Denis Chatelier, 10 ans après
Suite à son amputation en 1996, Denis Chatelier a bénéficié rapidement de deux prothèses myoélectriques qui lui ont permis une relative autonomie jusqu'à la transplantation. Cette transplantation été réalisée par l'équipe internationale de transplantation de l'hôpital Edouard Herriot, dirigée par le Pr Dubernard, à partir d'un donneur dont la famille avait accepté de donner les deux mains. Après l'opération, deux rejets cutanés sont survenus, facilement contrôlés, les doses d'immunosuppresseurs sont réduits au minimum à ce jour. La peau et le système pileux des greffons sont normaux, la perception de la douleur, à la pression, la reconnaissance tactile des objets sont possible, la régénération nerveuse est étonnante ! La mobilité des doigts et des poignets est quasi-complèe, le gain de l'opréatin ets très important concernant l'ensemble des gestes et actes de la vie quotidienne. Aujourd'hui à 44 ans, Denis Chatelier a retrouvé une image sociale qui le satisfait, et a repris une activité professionnelle depuis trois ans.
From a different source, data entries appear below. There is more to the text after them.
theorem mainTheorem11:
  fixes C :: "('o, 'm) category"
    and \<alpha> \<beta> \<gamma> \<delta> :: "bool list"
    and \<sigma> \<tau> \<eta> \<theta> :: "nat list"
    and Fo Go Ho Ko :: "'o list \<Rightarrow> 'o"
    and Fm Gm Hm Km :: "'m list \<Rightarrow> 'm"
    and \<phi> \<psi> :: "'o list \<Rightarrow> 'm"
    and n m i k :: nat
  assumes cat: "is_category C"
    and F: "mvfunctor C \<alpha> Fo Fm" and G: "mvfunctor C \<beta> Go Gm"
    and H: "mvfunctor C \<gamma> Ho Hm" and K: "mvfunctor C \<delta> Ko Km"
    and phi: "is_transf C n \<alpha> \<sigma> Fo \<beta> \<tau> Go \<phi>"
    and psi: "is_transf C m \<gamma> \<eta> Ho \<delta> \<theta> Ko \<psi>"
    and i: "i < m"
    and psi_din: "dinatural C m \<gamma> \<eta> Hm \<delta> \<theta> Km \<psi> i"
    and k: "k < n"
  shows "dinatural C (m - 1 + n)
           (plug_var \<gamma> \<eta> i \<alpha> \<beta>) (plug_ty \<gamma> \<eta> i n \<sigma> \<tau>)
           (plug_m \<gamma> \<eta> i (length \<alpha>) (length \<beta>) Hm Fm Gm)
           (plug_var \<delta> \<theta> i \<beta> \<alpha>) (plug_ty \<delta> \<theta> i n \<tau> \<sigma>)
           (plug_m \<delta> \<theta> i (length \<beta>) (length \<alpha>) Km Gm Fm)
           (hcomp C i n \<sigma> Fo \<phi> \<gamma> \<eta> Hm \<delta> \<theta> Km \<psi>) (i + k)
         \<longleftrightarrow>
         (\<forall>A \<in> obs C n. \<forall>B \<in> obs C m.
            dinatural C 1
              cl_var cl_ty
              (cl_dom_m (foc_m C Fm \<alpha> \<sigma> A k) (foc_m C Gm \<beta> \<tau> A k) (foc_m C Hm \<gamma> \<eta> B i))
              cl_var cl_ty
              (cl_cod_m (foc_m C Fm \<alpha> \<sigma> A k) (foc_m C Gm \<beta> \<tau> A k) (foc_m C Km \<delta> \<theta> B i))
              (cl_comp C (foc_o Fo \<alpha> \<sigma> A k) (foc_t \<phi> A k) (foc_t \<psi> B i)
                 (foc_m C Hm \<gamma> \<eta> B i) (foc_m C Km \<delta> \<theta> B i))
              0)"
proof -
  note hexagon_iff = hcomp_hexagon_iff_cl_comp_hexagon[OF phi psi i k]
  show ?thesis
    unfolding dinatural_iff_hexagon
  proof (intro iffI ballI, goal_cases)
    case (1 A B L a b f)
    have "length A = n" "length B = m" "length L = 1"
      using 1(2-4) by (simp_all add: obs_def)
    from hexagon_iff[OF this, THEN iffD1]
      1(1)[rule_format, OF block_update_in_obs[OF 1(2,3) i] 1(5-7)]
    show ?case .
  next
    case (2 Cs a b f)
    obtain A B where A: "A \<in> obs C n" and B: "B \<in> obs C m" and Cs: "Cs = block_update B i A"
      using obs_eq_block_update[OF 2(2) i 2(3)] .
    have a: "[a] \<in> obs C 1" using 2(3) by (simp add: obs_def)
    have "length A = n" "length B = m" "length [a] = 1"
      using A B by (simp_all add: obs_def)
    from hexagon_iff[OF this, THEN iffD2] 2(1)[rule_format, OF A B a 2(3-5)]
    show ?case unfolding Cs .
  qed
qed

end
Depuis, 4 patients ont été transplantés de deux mains à Lyon. Ils sont en bon état général, et la progression de la rééducation bat son plein. Dans le monde, ce sont une quinzaine de patients qui ont été opérés d'une greffe bilatéral de mains depuis Denis Chatelier. Lyon reste la référence pour la greffe des mains. Les objectifs pour les 5 ans à venir sont clairs : continuer à développer l'activité de greffe de mains, pour maintenir le niveau de leadership international, évaluer précisément les résultats de la greffe de bras, si l'amputation se fait au dessus du coude, augmenter l'activité de greffe de la face, développer de nouvelles activités de greffes composites - avec tissu cutané - à Lyon, et développer une activité de recherche expérimentale sur les greffes de mains chez les nouveaux nés et enfants, avec une suppression du traitement immunosuppresseur à terme.